• **Goal of the exercise**: Scan the records below for the line with "x))\<^sup>2 - 2" and the line with "h\<^sup>2 \<le> 2 * h * m". Repeat those two lines and every line between them exactly, and nothing else.

• **Data in this exercise**:
:::::

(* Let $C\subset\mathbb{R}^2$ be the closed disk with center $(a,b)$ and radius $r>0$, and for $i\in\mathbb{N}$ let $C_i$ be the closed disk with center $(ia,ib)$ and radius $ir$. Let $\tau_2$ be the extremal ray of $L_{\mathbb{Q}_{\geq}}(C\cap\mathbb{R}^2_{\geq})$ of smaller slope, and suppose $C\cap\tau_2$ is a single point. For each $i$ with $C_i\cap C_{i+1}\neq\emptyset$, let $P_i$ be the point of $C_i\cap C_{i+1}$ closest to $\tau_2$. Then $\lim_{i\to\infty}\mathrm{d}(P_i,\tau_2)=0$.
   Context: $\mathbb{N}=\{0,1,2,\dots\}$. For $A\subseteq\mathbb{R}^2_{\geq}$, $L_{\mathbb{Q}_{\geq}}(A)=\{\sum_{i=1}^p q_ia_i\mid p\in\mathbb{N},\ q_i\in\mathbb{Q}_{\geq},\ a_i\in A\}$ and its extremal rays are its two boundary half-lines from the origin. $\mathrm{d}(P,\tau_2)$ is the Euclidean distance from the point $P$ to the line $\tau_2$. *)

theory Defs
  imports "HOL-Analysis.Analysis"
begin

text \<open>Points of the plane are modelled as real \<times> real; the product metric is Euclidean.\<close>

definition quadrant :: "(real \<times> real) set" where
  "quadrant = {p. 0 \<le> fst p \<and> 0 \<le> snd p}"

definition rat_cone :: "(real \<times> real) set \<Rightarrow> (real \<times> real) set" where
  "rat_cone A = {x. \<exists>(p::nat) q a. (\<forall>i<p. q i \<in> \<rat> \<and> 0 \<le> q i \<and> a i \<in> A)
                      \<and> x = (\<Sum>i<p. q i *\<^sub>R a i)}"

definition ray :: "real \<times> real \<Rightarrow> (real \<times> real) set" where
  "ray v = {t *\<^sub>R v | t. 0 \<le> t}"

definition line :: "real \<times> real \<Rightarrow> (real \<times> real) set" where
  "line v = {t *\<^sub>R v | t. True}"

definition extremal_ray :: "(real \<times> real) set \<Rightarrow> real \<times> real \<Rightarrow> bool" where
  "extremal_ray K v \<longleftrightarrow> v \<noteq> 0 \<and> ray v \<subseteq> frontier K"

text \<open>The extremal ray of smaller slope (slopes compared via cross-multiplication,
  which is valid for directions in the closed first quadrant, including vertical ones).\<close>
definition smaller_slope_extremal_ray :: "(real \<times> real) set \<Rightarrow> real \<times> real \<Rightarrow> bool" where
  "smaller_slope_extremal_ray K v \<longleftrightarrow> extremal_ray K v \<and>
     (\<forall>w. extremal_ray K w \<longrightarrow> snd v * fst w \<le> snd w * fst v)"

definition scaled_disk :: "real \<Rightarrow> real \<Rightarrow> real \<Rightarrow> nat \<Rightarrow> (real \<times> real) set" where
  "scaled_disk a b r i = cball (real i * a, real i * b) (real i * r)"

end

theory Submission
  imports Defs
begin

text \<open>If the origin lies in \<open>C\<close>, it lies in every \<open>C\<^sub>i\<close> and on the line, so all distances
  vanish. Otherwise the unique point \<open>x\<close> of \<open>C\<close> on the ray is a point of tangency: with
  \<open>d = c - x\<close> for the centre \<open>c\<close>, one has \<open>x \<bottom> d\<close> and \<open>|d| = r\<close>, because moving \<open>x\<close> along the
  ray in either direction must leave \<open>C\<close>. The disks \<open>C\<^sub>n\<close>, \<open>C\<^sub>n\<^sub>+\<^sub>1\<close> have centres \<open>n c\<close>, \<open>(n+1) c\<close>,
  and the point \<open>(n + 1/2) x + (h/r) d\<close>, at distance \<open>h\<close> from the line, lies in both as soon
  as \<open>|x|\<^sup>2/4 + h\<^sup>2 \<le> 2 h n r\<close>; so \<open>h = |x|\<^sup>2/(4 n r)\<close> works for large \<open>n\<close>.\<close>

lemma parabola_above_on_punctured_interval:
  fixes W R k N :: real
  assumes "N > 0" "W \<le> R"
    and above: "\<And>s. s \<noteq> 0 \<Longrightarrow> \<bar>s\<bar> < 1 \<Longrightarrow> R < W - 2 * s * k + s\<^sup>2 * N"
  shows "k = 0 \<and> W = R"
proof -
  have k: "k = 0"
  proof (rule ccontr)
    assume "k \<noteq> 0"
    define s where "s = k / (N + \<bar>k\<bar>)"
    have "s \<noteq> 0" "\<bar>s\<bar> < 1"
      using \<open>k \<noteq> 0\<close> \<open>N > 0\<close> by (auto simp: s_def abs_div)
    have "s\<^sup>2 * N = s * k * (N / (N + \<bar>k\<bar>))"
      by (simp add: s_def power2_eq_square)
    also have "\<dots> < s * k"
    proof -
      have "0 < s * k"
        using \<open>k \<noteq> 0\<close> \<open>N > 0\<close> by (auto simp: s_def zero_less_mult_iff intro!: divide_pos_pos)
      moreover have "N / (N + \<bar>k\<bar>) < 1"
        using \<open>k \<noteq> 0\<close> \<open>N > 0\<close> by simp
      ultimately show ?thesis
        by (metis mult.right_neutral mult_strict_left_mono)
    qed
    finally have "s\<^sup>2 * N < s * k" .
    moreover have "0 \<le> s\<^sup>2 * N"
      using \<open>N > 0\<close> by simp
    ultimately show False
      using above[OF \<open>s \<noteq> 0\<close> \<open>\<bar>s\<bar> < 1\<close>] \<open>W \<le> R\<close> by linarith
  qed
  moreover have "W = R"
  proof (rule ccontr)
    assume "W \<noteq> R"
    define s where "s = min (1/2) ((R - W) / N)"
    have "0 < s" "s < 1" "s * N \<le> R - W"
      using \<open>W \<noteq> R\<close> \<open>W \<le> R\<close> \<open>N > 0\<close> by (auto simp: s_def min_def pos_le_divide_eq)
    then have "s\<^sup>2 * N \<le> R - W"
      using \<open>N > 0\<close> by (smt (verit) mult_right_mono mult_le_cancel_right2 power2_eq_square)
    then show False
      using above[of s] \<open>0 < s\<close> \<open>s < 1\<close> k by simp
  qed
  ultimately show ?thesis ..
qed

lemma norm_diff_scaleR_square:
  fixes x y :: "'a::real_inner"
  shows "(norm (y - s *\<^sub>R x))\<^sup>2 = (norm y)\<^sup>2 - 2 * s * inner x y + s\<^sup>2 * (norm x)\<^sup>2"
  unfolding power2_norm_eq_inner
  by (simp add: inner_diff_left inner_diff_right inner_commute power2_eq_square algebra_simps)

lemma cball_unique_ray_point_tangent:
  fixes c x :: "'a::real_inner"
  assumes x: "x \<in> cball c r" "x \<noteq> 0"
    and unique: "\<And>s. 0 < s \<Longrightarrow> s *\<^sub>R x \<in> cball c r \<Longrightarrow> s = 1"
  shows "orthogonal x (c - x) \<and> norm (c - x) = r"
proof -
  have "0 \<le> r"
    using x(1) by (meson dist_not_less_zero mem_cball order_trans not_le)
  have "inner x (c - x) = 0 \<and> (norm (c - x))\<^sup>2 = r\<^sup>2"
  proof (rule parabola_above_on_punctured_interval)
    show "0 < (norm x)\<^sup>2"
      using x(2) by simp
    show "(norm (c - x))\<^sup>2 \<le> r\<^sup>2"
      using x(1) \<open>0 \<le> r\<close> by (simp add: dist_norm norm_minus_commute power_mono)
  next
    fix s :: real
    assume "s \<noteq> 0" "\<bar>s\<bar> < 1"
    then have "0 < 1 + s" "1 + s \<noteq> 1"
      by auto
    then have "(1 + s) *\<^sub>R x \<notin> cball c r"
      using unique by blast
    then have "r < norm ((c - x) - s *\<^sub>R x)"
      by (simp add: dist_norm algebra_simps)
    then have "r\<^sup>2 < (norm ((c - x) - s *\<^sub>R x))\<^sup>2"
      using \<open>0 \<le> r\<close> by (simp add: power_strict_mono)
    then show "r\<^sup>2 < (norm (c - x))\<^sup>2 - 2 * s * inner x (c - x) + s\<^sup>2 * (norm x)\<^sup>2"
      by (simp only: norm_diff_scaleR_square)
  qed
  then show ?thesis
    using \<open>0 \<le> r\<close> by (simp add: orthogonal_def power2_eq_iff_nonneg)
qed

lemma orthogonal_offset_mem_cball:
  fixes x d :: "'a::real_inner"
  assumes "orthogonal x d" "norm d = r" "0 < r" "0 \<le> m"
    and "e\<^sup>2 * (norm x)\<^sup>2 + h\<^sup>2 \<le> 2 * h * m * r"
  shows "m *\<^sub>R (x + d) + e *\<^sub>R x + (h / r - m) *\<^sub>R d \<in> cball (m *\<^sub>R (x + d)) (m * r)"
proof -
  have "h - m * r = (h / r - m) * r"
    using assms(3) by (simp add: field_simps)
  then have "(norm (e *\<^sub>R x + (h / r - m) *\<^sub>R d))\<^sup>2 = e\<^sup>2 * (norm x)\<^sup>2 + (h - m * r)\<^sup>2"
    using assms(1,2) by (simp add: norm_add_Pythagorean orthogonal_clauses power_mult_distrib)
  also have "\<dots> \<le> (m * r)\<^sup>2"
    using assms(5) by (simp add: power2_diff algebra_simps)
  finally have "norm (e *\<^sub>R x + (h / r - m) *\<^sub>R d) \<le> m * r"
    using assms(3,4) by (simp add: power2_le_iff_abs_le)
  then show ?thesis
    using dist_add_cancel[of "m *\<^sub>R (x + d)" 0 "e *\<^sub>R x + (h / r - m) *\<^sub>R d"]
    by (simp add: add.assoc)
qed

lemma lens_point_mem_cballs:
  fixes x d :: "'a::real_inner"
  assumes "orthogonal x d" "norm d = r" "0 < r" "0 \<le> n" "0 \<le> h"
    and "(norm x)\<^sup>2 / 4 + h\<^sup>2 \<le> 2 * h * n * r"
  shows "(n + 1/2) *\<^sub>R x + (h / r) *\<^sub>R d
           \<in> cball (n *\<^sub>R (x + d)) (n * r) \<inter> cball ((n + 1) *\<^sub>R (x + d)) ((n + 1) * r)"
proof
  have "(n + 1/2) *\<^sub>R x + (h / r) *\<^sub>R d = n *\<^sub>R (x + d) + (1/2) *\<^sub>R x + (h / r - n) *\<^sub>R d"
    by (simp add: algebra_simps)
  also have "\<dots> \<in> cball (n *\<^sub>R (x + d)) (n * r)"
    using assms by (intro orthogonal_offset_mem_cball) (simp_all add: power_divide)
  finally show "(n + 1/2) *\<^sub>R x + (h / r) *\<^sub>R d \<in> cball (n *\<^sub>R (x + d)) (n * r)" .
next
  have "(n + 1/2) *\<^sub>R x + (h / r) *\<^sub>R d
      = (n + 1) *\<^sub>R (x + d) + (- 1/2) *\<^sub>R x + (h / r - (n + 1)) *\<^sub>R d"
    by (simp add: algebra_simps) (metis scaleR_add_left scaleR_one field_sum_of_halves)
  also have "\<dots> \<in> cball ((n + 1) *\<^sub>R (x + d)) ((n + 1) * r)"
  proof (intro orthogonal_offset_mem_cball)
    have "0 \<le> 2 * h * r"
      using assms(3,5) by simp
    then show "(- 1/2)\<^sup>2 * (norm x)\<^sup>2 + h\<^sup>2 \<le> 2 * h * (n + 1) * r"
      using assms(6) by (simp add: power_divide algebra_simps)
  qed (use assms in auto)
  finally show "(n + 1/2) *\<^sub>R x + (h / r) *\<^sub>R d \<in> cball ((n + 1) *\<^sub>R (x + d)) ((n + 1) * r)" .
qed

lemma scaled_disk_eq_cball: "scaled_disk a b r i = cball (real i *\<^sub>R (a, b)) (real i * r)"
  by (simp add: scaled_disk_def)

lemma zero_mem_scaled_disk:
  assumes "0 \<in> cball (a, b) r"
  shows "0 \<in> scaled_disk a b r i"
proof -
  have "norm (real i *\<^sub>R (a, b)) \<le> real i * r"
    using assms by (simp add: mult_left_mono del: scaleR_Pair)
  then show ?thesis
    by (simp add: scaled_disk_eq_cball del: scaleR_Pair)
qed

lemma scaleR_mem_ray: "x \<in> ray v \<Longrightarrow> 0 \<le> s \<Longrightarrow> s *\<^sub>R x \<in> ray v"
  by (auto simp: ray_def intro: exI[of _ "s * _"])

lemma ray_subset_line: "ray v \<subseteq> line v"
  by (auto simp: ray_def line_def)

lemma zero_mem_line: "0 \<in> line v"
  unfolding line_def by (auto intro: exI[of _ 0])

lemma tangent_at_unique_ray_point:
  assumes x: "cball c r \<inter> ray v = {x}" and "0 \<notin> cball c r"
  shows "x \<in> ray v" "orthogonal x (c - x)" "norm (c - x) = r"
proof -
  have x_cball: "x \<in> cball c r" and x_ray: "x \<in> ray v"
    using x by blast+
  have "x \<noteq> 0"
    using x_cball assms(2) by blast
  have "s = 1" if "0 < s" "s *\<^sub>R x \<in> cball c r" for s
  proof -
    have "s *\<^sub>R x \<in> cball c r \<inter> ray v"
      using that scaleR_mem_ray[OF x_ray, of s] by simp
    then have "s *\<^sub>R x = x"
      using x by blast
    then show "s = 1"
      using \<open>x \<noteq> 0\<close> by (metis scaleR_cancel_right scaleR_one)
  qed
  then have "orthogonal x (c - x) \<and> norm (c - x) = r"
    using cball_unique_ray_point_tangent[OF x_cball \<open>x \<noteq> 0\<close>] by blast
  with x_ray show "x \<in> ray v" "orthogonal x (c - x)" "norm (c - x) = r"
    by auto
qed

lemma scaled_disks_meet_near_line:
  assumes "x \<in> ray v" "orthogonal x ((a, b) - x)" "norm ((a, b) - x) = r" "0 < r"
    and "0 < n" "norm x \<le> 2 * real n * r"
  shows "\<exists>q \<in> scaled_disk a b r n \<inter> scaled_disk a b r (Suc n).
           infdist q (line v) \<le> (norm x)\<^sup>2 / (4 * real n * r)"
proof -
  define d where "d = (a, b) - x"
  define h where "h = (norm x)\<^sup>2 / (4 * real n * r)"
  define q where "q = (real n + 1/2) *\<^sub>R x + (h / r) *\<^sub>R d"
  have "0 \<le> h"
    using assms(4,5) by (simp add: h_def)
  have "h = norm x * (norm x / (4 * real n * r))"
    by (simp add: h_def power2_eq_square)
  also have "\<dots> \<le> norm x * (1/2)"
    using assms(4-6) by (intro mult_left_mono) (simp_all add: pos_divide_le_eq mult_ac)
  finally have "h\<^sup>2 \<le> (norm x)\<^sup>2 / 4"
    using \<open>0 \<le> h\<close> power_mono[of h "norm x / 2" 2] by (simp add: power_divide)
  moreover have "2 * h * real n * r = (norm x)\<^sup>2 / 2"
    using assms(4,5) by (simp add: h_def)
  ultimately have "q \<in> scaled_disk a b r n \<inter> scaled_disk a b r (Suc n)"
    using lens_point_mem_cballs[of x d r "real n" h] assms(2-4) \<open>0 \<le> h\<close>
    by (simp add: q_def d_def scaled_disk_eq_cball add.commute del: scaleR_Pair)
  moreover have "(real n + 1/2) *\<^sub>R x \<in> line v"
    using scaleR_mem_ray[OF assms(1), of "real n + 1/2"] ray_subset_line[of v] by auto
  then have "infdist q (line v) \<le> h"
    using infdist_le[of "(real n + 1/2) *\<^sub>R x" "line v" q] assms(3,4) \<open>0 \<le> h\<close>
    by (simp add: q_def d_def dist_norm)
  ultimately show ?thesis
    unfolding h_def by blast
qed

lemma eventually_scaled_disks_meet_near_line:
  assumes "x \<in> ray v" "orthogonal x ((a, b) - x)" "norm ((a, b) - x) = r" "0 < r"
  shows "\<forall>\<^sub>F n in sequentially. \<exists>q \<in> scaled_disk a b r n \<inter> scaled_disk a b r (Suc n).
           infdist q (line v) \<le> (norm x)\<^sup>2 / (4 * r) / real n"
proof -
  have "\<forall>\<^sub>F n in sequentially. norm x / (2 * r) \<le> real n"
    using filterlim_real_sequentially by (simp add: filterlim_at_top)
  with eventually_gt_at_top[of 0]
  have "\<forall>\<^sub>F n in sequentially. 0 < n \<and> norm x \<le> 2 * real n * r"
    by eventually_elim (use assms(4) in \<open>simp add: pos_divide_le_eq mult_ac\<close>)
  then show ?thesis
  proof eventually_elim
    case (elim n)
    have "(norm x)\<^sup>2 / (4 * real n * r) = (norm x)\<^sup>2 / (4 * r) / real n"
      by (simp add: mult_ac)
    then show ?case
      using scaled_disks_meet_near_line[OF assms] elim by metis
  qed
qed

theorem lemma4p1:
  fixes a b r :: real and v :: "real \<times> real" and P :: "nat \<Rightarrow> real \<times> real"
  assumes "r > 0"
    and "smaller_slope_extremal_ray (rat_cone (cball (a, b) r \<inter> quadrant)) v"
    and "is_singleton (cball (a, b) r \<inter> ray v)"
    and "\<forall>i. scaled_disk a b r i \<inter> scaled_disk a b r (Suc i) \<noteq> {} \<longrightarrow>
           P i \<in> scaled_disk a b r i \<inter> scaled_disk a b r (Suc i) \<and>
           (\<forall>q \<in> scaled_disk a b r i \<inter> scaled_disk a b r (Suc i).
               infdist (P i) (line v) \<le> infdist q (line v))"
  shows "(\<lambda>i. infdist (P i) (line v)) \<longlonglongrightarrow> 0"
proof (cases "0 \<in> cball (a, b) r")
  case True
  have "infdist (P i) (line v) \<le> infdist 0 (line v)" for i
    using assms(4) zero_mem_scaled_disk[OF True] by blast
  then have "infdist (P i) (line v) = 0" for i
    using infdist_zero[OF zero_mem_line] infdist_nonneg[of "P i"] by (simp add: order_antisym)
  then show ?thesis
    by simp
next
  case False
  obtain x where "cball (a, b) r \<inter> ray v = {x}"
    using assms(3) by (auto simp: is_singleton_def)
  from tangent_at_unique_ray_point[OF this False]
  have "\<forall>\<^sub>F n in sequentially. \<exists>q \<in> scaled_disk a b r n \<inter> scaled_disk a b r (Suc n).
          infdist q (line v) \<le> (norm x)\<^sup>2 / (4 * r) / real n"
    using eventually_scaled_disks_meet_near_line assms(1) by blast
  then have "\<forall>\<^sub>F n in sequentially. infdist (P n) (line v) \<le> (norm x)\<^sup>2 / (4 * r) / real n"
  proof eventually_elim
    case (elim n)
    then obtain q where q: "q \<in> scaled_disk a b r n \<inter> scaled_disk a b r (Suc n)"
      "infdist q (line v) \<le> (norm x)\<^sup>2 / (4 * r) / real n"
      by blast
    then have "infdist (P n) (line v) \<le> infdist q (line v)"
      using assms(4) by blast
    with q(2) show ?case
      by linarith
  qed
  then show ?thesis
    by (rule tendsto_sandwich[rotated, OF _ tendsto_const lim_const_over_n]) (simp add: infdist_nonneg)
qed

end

:::::

• **Solution to this task**:
    then show "r\<^sup>2 < (norm (c - x))\<^sup>2 - 2 * s * inner x (c - x) + s\<^sup>2 * (norm x)\<^sup>2"
      by (simp only: norm_diff_scaleR_square)
  qed
  then show ?thesis
    using \<open>0 \<le> r\<close> by (simp add: orthogonal_def power2_eq_iff_nonneg)
qed

lemma orthogonal_offset_mem_cball:
  fixes x d :: "'a::real_inner"
  assumes "orthogonal x d" "norm d = r" "0 < r" "0 \<le> m"
    and "e\<^sup>2 * (norm x)\<^sup>2 + h\<^sup>2 \<le> 2 * h * m * r"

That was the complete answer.